Week 4 Cardiovascular System Flashcards
Components of the CV Components
The heart = A pump that provides continuous linkage with the vascular components
The arterial system= A high-pressure distribution circuit
The capillaries = exchange vessels
The venous system = low pressure collection and return circuit
The blood = a body fluid that transports essential substances ad metabolic waste products
Anatomy of the heart Pericardium
Membrane surrounds & protects heart
Anatomy of the heart epicardium
External layer composed of fibroelastic & adipose tissue and contains blood vessels, lymphatics and nerves that supply the myocardium
Anatomy of the heart Myocardium
Middle layer composed of striated cardiac muscle tissue.
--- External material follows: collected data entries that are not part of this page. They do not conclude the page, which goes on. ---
lemma specializes_row_factor:
  assumes i: "1 \<le> i" and l: "l \<in> S" and fin: "finite S"
  shows "specializes (Suc s) (x l) (row_factor s S (Suc i)) (row_factor (Suc s) (S - {l}) i)"
proof -
  define v where "v = Suc s"
  define w where "w = Suc s + i"
  have v: "1 \<le> v" "v < w" using i by (simp_all add: v_def w_def)
  have w: "s + Suc i = w" by (simp add: w_def)
  define f where "f m = (U w - scalar (t * x m)) * recip_const w (x m)" for m
  define g where "g j = (U w - U (Suc s + j)) * recip_var w t (Suc s + j)" for j
  define P where "P = (\<Prod>m\<in>S - {l}. f m) * (\<Prod>j\<in>{1..<i}. g j)"
  define c :: "'a laurent" where "c = scalar (t ^ (card S - Suc i + 1))"
  have prod_S: "(\<Prod>m\<in>S. (U w - scalar (t * x m)) * recip_const w (x m)) = f l * (\<Prod>m\<in>S - {l}. f m)"
    unfolding f_def using fin l by (simp add: prod.remove)
  have "(\<Prod>j\<in>{1..<Suc i}. (U w - U (s + j)) * recip_var w t (s + j))
      = ((U w - U v) * recip_var w t v) * (\<Prod>j\<in>{Suc 1..<Suc i}. (U w - U (s + j)) * recip_var w t (s + j))"
    by (subst prod.atLeast_Suc_lessThan) (use i in \<open>simp_all add: v_def\<close>)
  also have "(\<Prod>j\<in>{Suc 1..<Suc i}. (U w - U (s + j)) * recip_var w t (s + j)) = (\<Prod>j\<in>{1..<i}. g j)"
    unfolding g_def by (subst prod.shift_bounds_Suc_ivl) simp
  finally have prod_j: "(\<Prod>j\<in>{1..<Suc i}. (U w - U (s + j)) * recip_var w t (s + j))
      = ((U w - U v) * recip_var w t v) * (\<Prod>j\<in>{1..<i}. g j)" .
  have "row_factor s S (Suc i) = (f l * ((U w - U v) * recip_var w t v)) * P - c"
    unfolding row_factor_def w prod_S prod_j P_def c_def by (simp only: mult_ac)
  moreover have "row_factor (Suc s) (S - {l}) i = 1 * P - c"
    using fin l by (simp add: row_factor_def P_def f_def g_def c_def w_def card_Diff_singleton)
  moreover have "free_of v P"
    unfolding P_def f_def g_def using fin v
    by (intro free_of_mult free_of_prod free_of_diff free_of_U free_of_scalar free_of_recip_const
        free_of_recip_var) (auto simp: v_def w_def)
  moreover have "specializes v (x l) (f l * ((U w - U v) * recip_var w t v)) 1"
    unfolding f_def by (rule specializes_cancel[OF v])
  ultimately show ?thesis
    unfolding v_def[symmetric] c_def
    by (metis specializes_diff specializes_mult[OF v(1)] specializes_refl free_of_scalar)
qed

lemma lcoeff_gen_product_term:
  assumes fin: "finite S" and l: "l \<in> S"
    and IH: "\<And>l. l \<in> S \<Longrightarrow> lcoeff (gen_product (Suc s) (S - {l}) (\<lambda>i. lam (Suc i)) r)
      (target_exp (Suc s) r (\<lambda>i. lam (Suc i))) = (1 - t) ^ r * HP_rec r (\<lambda>i. lam (Suc i)) (S - {l})"
  shows "lcoeff (monom (\<lambda>k. - int (lam 1) * uvec (Suc s) k) * (U (Suc s) * recip_const (Suc s) (x l) *
      ((\<Prod>k\<in>{1..lam 1}. U (Suc s) + scalar (b k)) *
       (\<Prod>i\<in>{1..r}. row_factor s S (Suc i) * weight_factor s lam (Suc i)))))
      (target_exp s (Suc r) lam)
    = factorial_power (lam 1) (x l) * ((1 - t) ^ r * HP_rec r (\<lambda>i. lam (Suc i)) (S - {l}))"
    (is "lcoeff (?d * (_ * ?L)) _ = _")
proof -
  have v: "1 \<le> Suc s" by simp
  have supp: "supported (Suc s) (\<lambda>k. - int (lam 1) * uvec (Suc s) k)"
    by (auto simp: supported_def uvec_def)
  have shift: "(\<lambda>k. target_exp s (Suc r) lam k - (- int (lam 1) * uvec (Suc s) k))
      = target_exp (Suc s) r (\<lambda>i. lam (Suc i))"
    by (auto simp: target_exp_def uvec_def Suc_diff_Suc fun_eq_iff)
  have spec: "specializes (Suc s) (x l) ?L
      (scalar (factorial_power (lam 1) (x l)) * gen_product (Suc s) (S - {l}) (\<lambda>i. lam (Suc i)) r)"
    unfolding gen_product_def weight_factor_shift
    by (intro specializes_mult[OF v] specializes_factorial_power[OF v] specializes_prod[OF v]
        specializes_row_factor specializes_refl free_of_weight_factor fin l) auto
  have "lcoeff (?d * (U (Suc s) * recip_const (Suc s) (x l) * ?L)) (target_exp s (Suc r) lam)
      = lcoeff (U (Suc s) * recip_const (Suc s) (x l) * ?L) (target_exp (Suc s) r (\<lambda>i. lam (Suc i)))"
    by (simp only: lcoeff_monom_mult[OF supp] shift)
  also have "\<dots> = lcoeff (scalar (factorial_power (lam 1) (x l)) * gen_product (Suc s) (S - {l}) (\<lambda>i. lam (Suc i)) r)
      (target_exp (Suc s) r (\<lambda>i. lam (Suc i)))"
    by (rule lcoeff_residue[OF v spec]) (simp add: target_exp_def)
  also have "\<dots> = factorial_power (lam 1) (x l) * ((1 - t) ^ r * HP_rec r (\<lambda>i. lam (Suc i)) (S - {l}))"
    by (simp only: lcoeff_scalar_mult IH[OF l])
  finally show ?thesis .
qed
section \<open>Linear and bilinear extensions\<close>

lemma linext_superset:
  assumes "finite S" "pm_keys x \<subseteq> S"
  shows "linext f x = (\<Sum>v\<in>S. smul (pm_lookup x v) (f v))"
  unfolding linext_def
  by (rule sum.mono_neutral_left) (auto simp: assms in_keys_iff)

lemma linext_zero [simp]: "linext f 0 = 0"
  by (simp add: linext_def)

lemma linext_add [simp]: "linext f (x + y) = linext f x + linext f y"
proof -
  let ?S = "pm_keys x \<union> pm_keys y"
  have "linext f (x + y) = (\<Sum>v\<in>?S. smul (pm_lookup (x + y) v) (f v))"
    by (rule linext_superset) (auto simp: keys_add[of x y])
  also have "\<dots> = (\<Sum>v\<in>?S. smul (pm_lookup x v) (f v)) + (\<Sum>v\<in>?S. smul (pm_lookup y v) (f v))"
    by (simp add: lookup_add smul_add_left sum.distrib)
  also have "\<dots> = linext f x + linext f y"
    by (simp add: linext_superset[of ?S x] linext_superset[of ?S y])
  finally show ?thesis .
qed

lemma linext_smul [simp]: "linext f (smul r x) = smul r (linext f x)"
proof -
  have "linext f (smul r x) = (\<Sum>v\<in>pm_keys x. smul (pm_lookup (smul r x) v) (f v))"
    by (rule linext_superset) (auto simp: in_keys_iff)
  then show ?thesis by (simp add: linext_def smul_sum)
qed

lemma linext_single [simp]: "linext f (pm_single k c) = smul c (f k)"
proof -
  have "linext f (pm_single k c) = (\<Sum>v\<in>{k}. smul (pm_lookup (pm_single k c) v) (f v))"
    by (rule linext_superset) auto
  then show ?thesis by simp
qed

lemma linext_fun_add: "linext (\<lambda>v. f v + g v) x = linext f x + linext g x"
  by (simp add: linext_def sum.distrib)

lemma linext_fun_smul: "linext (\<lambda>v. smul r (f v)) x = smul r (linext f x)"
  by (simp add: linext_def smul_sum mult.commute)

lemma linext_basis: "linext E x = x"
proof (rule poly_mapping_eqI)
  fix j
  have "pm_lookup (linext E x) j = (\<Sum>k\<in>pm_keys x. pm_lookup x k * (if k = j then 1 else 0))"
    by (simp add: linext_def lookup_sum lookup_single when_def)
  also have "\<dots> = pm_lookup x j"
    by (simp add: if_distrib sum.delta in_keys_iff cong: if_cong)
  finally show "pm_lookup (linext E x) j = pm_lookup x j" .
qed

lemma pm_induct [case_names zero add smul single]:
  assumes "P 0" and "\<And>p q. P p \<Longrightarrow> P q \<Longrightarrow> P (p + q)"
    and "\<And>c p. P p \<Longrightarrow> P (smul c p)" and "\<And>k. P (E k)"
  shows "P x"
proof -
  have "P (\<Sum>k\<in>S. smul (pm_lookup x k) (E k))" if "finite S" for S
    using that by (induct rule: finite_induct) (auto intro: assms)
  then have "P (linext E x)" by (simp add: linext_def)
  then show ?thesis by (simp add: linext_basis)
qed
lemma (in additive) card_UNIV_eq_card_range_mult_card_kernel:
  assumes "finite (UNIV :: 'a set)"
  shows "card (UNIV :: 'a set) = card (range f) * card (f -` {0})"
proof -
  have fiber: "f -` {f y} = (+) y ` (f -` {0})" for y
  proof (intro set_eqI iffI)
    fix z assume "z \<in> f -` {f y}"
    then show "z \<in> (+) y ` (f -` {0})"
      by (intro image_eqI[of _ _ "z - y"]) (auto simp: diff)
  qed (auto simp: add)
  have "card (UNIV :: 'a set) = card (\<Union>z\<in>range f. f -` {z})"
    by (intro arg_cong[where f = card]) blast
  also have "\<dots> = (\<Sum>z\<in>range f. card (f -` {z}))"
    by (intro card_UN_disjoint) (auto intro: rev_finite_subset[OF assms])
  also have "\<dots> = (\<Sum>z\<in>range f. card (f -` {0}))"
    using fiber by (intro sum.cong) (auto simp: card_image)
  finally show ?thesis
    by simp
qed

lemma (in additive) obtain_half_with_nonzero_image_sums:
  assumes "finite (UNIV :: 'a set)" and no_2_torsion: "\<And>z :: 'b. z + z = 0 \<Longrightarrow> z = 0"
  obtains Y where "\<And>y1 y2. y1 \<in> Y \<Longrightarrow> y2 \<in> Y \<Longrightarrow> f y1 + f y2 \<noteq> 0"
    and "2 * card Y = card (UNIV :: 'a set) - card (f -` {0})"
proof -
  obtain e :: "'b \<Rightarrow> nat" where e: "inj_on e (range f)"
    using finite_imp_inj_to_nat_seg[of "range f"] assms(1) by auto
  define Y where "Y = {y. e (f y) < e (- f y)}"
  have sums: "f y1 + f y2 \<noteq> 0" if "y1 \<in> Y" "y2 \<in> Y" for y1 y2
  proof
    assume "f y1 + f y2 = 0"
    then have "f y2 = - f y1"
      by (simp only: add_eq_0_iff)
    then show False
      using that unfolding Y_def by simp
  qed
  have split: "UNIV - f -` {0} = Y \<union> uminus ` Y"
  proof (intro set_eqI iffI)
    fix y assume "y \<in> UNIV - f -` {0}"
    then have "f y + f y \<noteq> 0"
      using no_2_torsion[of "f y"] by blast
    then have "f y \<noteq> f (- y)"
      by (simp add: minus eq_neg_iff_add_eq_0)
    then have "e (f y) \<noteq> e (f (- y))"
      using inj_onD[OF e] by blast
    then have "y \<in> Y \<or> - y \<in> Y"
      unfolding Y_def by (auto simp: minus)
    then show "y \<in> Y \<union> uminus ` Y"
      by (auto intro: image_eqI[of _ _ "- y"])
  qed (auto simp: Y_def minus)
  have "Y \<inter> uminus ` Y = {}"
    by (auto simp: Y_def minus)
  moreover have "finite Y"
    using finite_subset[OF subset_UNIV assms(1)] .
  ultimately have "card (UNIV - f -` {0}) = 2 * card Y"
    unfolding split by (simp add: card_Un_disjoint card_image)
  moreover have "finite (f -` {0})"
    using finite_subset[OF subset_UNIV assms(1)] .
  ultimately have "2 * card Y = card (UNIV :: 'a set) - card (f -` {0})"
    by (simp add: card_Diff_subset)
  with sums show ?thesis
    by (rule that)
qed
text \<open>The universal property of \<open>L \<otimes> M / im(L \<otimes> N)\<close>, with the quotient left implicit.\<close>

lemma bilinear_map_vanishes_on_tensor_image:
  assumes L: "module R L" and M: "module R M" and E: "module R E" and N: "N \<subseteq> carrier M"
    and B: "bilinear_map R L M E B" and BN: "\<forall>l\<in>carrier L. \<forall>n\<in>N. B l n = \<zero>\<^bsub>E\<^esub>"
    and s: "s \<in> carrier L" and u: "u \<in> carrier M" and image: "in_tensor_image R L N M s u"
  shows "B s u = \<zero>\<^bsub>E\<^esub>"
proof -
  interpret E: module R E by fact
  let ?T = "free_module R (carrier L \<times> carrier M)"
  let ?F = "\<lambda>(l, m). B l m"
  let ?X = "tensor_relations R L M \<union> {free_gen R l n | l n. l \<in> carrier L \<and> n \<in> N}"
  define \<Phi> where "\<Phi> = restrict (lin_ext R E ?F) (carrier ?T)"
  have F: "?F \<in> carrier L \<times> carrier M \<rightarrow> carrier E" using B unfolding bilinear_map_def by auto
  have \<Phi>: "\<Phi> \<in> hom_R R ?T E" unfolding \<Phi>_def by (rule lin_ext_hom[OF E.R.is_cring E F])
  have gen: "free_gen R l m \<in> carrier ?T" if "l \<in> carrier L" "m \<in> carrier M" for l m
    by (rule free_gen_in_free_module[OF E.R.ring_axioms]) (simp add: that)
  have \<Phi>_gen: "\<Phi> (free_gen R l m) = B l m" if "l \<in> carrier L" "m \<in> carrier M" for l m
    using restrict_apply'[OF gen[OF that], of "lin_ext R E ?F"] lin_ext_free_gen[OF E F, of l m] that
    unfolding \<Phi>_def by (simp del: free_module_simps)
  have "bilinear_map R L M E (\<lambda>l m. \<Phi> (free_gen R l m)) \<longleftrightarrow> bilinear_map R L M E B"
    by (rule bilinear_map_cong[OF L M]) (rule \<Phi>_gen)
  then have rel: "\<forall>r\<in>tensor_relations R L M. \<Phi> r = \<zero>\<^bsub>E\<^esub>"
    using hom_vanishes_on_tensor_relations_iff[OF L M E \<Phi>] B by simp
  let ?K = "{v \<in> carrier ?T. \<Phi> v = \<zero>\<^bsub>E\<^esub>}"
  have "?X \<subseteq> ?K"
  proof
    fix r assume "r \<in> ?X"
    then consider "r \<in> tensor_relations R L M" | l n where "l \<in> carrier L" "n \<in> N" "r = free_gen R l n"
      by blast
    then show "r \<in> ?K"
    proof cases
      case 1
      then show ?thesis using rel tensor_relations_subset[OF L M] by blast
    next
      case 2
      then show ?thesis using gen[of l n] \<Phi>_gen[of l n] BN N by auto
    qed
  qed
  then have "free_span R ?X \<subseteq> ?K"
    by (rule free_span_subset_submodule[OF hom_R_kernel_submodule[OF module_free_module[OF E.R.is_cring] E \<Phi>]])
  then have "free_gen R s u \<in> ?K" using image unfolding in_tensor_image_def by (rule subsetD)
  then have "\<Phi> (free_gen R s u) = \<zero>\<^bsub>E\<^esub>" by (simp del: free_module_simps)
  then show ?thesis using \<Phi>_gen[OF s u] by simp
qed
lemma elem_pos_at:
  assumes i: "i \<in> {1..r}"
  shows "\<exists>z\<in>B. 1 \<le> v i z \<and> (\<forall>j\<in>{1..r}-{i}. v j z = 0)"
proof -
  have "\<forall>j\<in>{1..r}. \<exists>y\<in>B. v j y = 0 \<and> (\<forall>k\<in>{1..r}-{j}. 1 \<le> v k y)" using elem_unit_at by blast
  then obtain y where y: "\<And>j. j \<in> {1..r} \<Longrightarrow> y j \<in> B \<and> v j (y j) = 0 \<and> (\<forall>k\<in>{1..r}-{j}. 1 \<le> v k (y j))"
    by metis
  define z where "z = sum y ({1..r}-{i})"
  have "z \<in> B" unfolding z_def using B_sum[of "{1..r}-{i}" y] y by auto
  moreover have "1 \<le> v i z" unfolding z_def
    by (rule dval.w_sum_ge[OF val[OF i]]) (use y i in auto)
  moreover have "v j z = 0" if j: "j \<in> {1..r}-{i}" for j
  proof -
    have jI: "j \<in> {1..r}" using j by simp
    have "z = y j + sum y ({1..r}-{i}-{j})" unfolding z_def using j by (simp add: sum.remove)
    moreover have "1 \<le> v j (sum y ({1..r}-{i}-{j}))"
      by (rule dval.w_sum_ge[OF val[OF jI]]) (use y jI in auto)
    then have "v j (y j) < v j (sum y ({1..r}-{i}-{j}))" using y[OF jI] ereal_ge1_pos by simp
    ultimately show ?thesis using dval.w_strict[OF val[OF jI]] y[OF jI] by simp
  qed
  ultimately show ?thesis by blast
qed

lemma elem_value_one: assumes i: "i \<in> {1..r}" shows "\<exists>g\<in>B. v i g = 1"
proof -
  obtain x where x: "v i x = 1" using vals i unfolding discrete_valuation_def by blast
  obtain y where y: "y \<in> B" "v i y = 0" "\<forall>j\<in>{1..r}-{i}. 1 \<le> v j y" using elem_unit_at[OF i] by blast
  text \<open>Multiplying by a high power of \<open>y\<close> repairs the negative values of \<open>x\<close> at the other places.\<close>
  define ex where "ex j = (if v j x = \<infinity> then 0 else nat \<lceil>- real_of_ereal (v j x)\<rceil>)" for j
  define N where "N = sum ex {1..r}"
  define g where "g = x * y ^ N"
  have "v i g = 1" unfolding g_def using dval.w_mult[OF val[OF i]] x dval.w_pow[OF val[OF i], of y 0 N] y
    by simp
  moreover have "0 \<le> v j g" if j: "j \<in> {1..r}" "j \<noteq> i" for j
  proof -
    have vy: "ereal (real N) \<le> v j (y ^ N)" using dval.w_pow_ge[OF val[OF j(1)]] y j by simp
    have vg: "v j g = v j x + v j (y ^ N)" unfolding g_def using dval.w_mult[OF val[OF j(1)]] by simp
    show ?thesis
    proof (cases "v j x")
      case (real a)
      have "ex j \<le> N" unfolding N_def by (rule member_le_sum) (use j in auto)
      moreover have "- a \<le> real (ex j)" unfolding ex_def using real by simp linarith
      ultimately have "0 \<le> ereal a + ereal (real N)" by simp
      also have "\<dots> \<le> ereal a + v j (y ^ N)" by (rule add_left_mono[OF vy])
      finally show ?thesis using vg real by simp
    next
      case PInf
      then show ?thesis using vg dval.w_not_minf[OF val[OF j(1)]] by simp
    qed (use dval.w_not_minf[OF val[OF j(1)]] in simp)
  qed
  ultimately have "g \<in> B" unfolding B_iff by (metis zero_less_one_ereal)
  then show ?thesis using \<open>v i g = 1\<close> by blast
qed

text \<open>A uniformizer of \<open>v i\<close> that is a unit at all other places; it is invertible in the
  total ring of fractions, so multiplying by its powers shifts the \<open>i\<close>-th value freely.\<close>
lemma uniformizer:
  assumes i: "i \<in> {1..r}"
  shows "\<exists>p\<in>B. v i p = 1 \<and> (\<forall>j\<in>{1..r}-{i}. v j p = 0) \<and> (\<exists>q. p * q = 1)"
proof -
  obtain g where g: "g \<in> B" "v i g = 1" using elem_value_one[OF i] by blast
  obtain y where y: "y \<in> B" "v i y = 0" "\<forall>j\<in>{1..r}-{i}. 1 \<le> v j y" using elem_unit_at[OF i] by blast
  obtain z where z: "z \<in> B" "1 \<le> v i z" "\<forall>j\<in>{1..r}-{i}. v j z = 0" using elem_pos_at[OF i] by blast
  define p where "p = g * y + z * z"
  have "v i p = 1"
  proof -
    have "v i (g * y) = 1" using dval.w_mult[OF val[OF i]] g y by simp
    moreover have "1 < v i (z * z)" using dval.w_mult[OF val[OF i]] ereal_ge1_double z by simp
    ultimately show ?thesis unfolding p_def using dval.w_strict[OF val[OF i]] by simp
  qed
  moreover have "v j p = 0" if j: "j \<in> {1..r}-{i}" for j
  proof -
    have jI: "j \<in> {1..r}" using j by simp
    have "v j (z * z) = 0" using dval.w_mult[OF val[OF jI]] z j by simp
    moreover have "0 + 1 \<le> v j g + v j y" using B_nonneg[OF g(1) jI] y j by (intro add_mono) auto
    then have "0 < v j (g * y)" using dval.w_mult[OF val[OF jI]] ereal_ge1_pos by simp
    ultimately show ?thesis unfolding p_def using dval.w_strict[OF val[OF jI], of "z * z"]
      by (simp add: add.commute)
  qed
  moreover have "p \<in> B" unfolding p_def using g y z B_add B_mult by simp
  moreover have "\<exists>q. p * q = 1"
    by (rule finite_val_unit) (use calculation in \<open>force\<close>)
  ultimately show ?thesis by blast
qed

end

context setting
begin

definition unif :: "nat \<Rightarrow> 'a" where
  "unif i = (SOME p. p \<in> B \<and> v i p = 1 \<and> (\<forall>j\<in>{1..r}-{i}. v j p = 0) \<and> (\<exists>q. p * q = 1))"

definition unif_inv :: "nat \<Rightarrow> 'a" where
  "unif_inv i = (SOME q. unif i * q = 1)"

lemma unif:
  assumes i: "i \<in> {1..r}"
  shows "unif i \<in> B" "v i (unif i) = 1" "\<And>j. j \<in> {1..r}-{i} \<Longrightarrow> v j (unif i) = 0"
    "unif i * unif_inv i = 1"
proof -
  have "\<exists>p. p \<in> B \<and> v i p = 1 \<and> (\<forall>j\<in>{1..r}-{i}. v j p = 0) \<and> (\<exists>q. p * q = 1)"
    using uniformizer[OF i] by blast
  then have u: "unif i \<in> B \<and> v i (unif i) = 1 \<and> (\<forall>j\<in>{1..r}-{i}. v j (unif i) = 0) \<and> (\<exists>q. unif i * q = 1)"
    unfolding unif_def by (rule someI_ex)
  then show "unif i \<in> B" "v i (unif i) = 1" "\<And>j. j \<in> {1..r}-{i} \<Longrightarrow> v j (unif i) = 0" by blast+
  obtain q where "unif i * q = 1" using u by blast
  then show "unif i * unif_inv i = 1" unfolding unif_inv_def by (rule someI)
qed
Intercalated discs allow electrical impulses (AP) to spread cell-to- cell, resulting in a coordinated and efficient contraction / pump
Anatomy of the heart Endocardium
Innermost layer of endothelium overlying thin layer of connective tissue
Anatomy of the heart
-Two superior receiving chambers: Atria
-Two inferior pumping chambers: Ventricles
- Interventricular septum separates the right and left sides
- The atrioventricular valves (tricuspid and bicuspid/mitral valve) ensure one-way blood flow between the atria and ventricle
- Myocardial thickness varies according to the amount of stress placed upon it
Pulmonary circulation
Right side receives deoxygenated blood from the body (via vena cava) and pumps blood to the lungs
Systemic circulation
Left side receives oxygenated blood from the lungs (via pulmonary vein) and pumps blood into the aorta for distribution throughout the body
Coronary circulation
The myocardium has its own network of blood vessels called the coronary circulation
• The coronary arteries branch from the ascending aorta and encircle the heart
• Delivers oxygen and nutrients to the heart muscle and collects carbon dioxide and waste, and then moves into coronary veins
• Tissue damage caused by an interruption in blood flow known as infarct. Myocardial infarction (heart attack) caused by blockage in coronary circulation
The vascular system
Arteries (conduit vessels)
Arterioles (resistance vessels) control blood flow, feed capillaries
Capillaries (exchange vessels)
Venules
Veins (capacitance vessels)
STRUCTURE OF BLOOD VESSELS
Tunica intima (inner lining of vessel)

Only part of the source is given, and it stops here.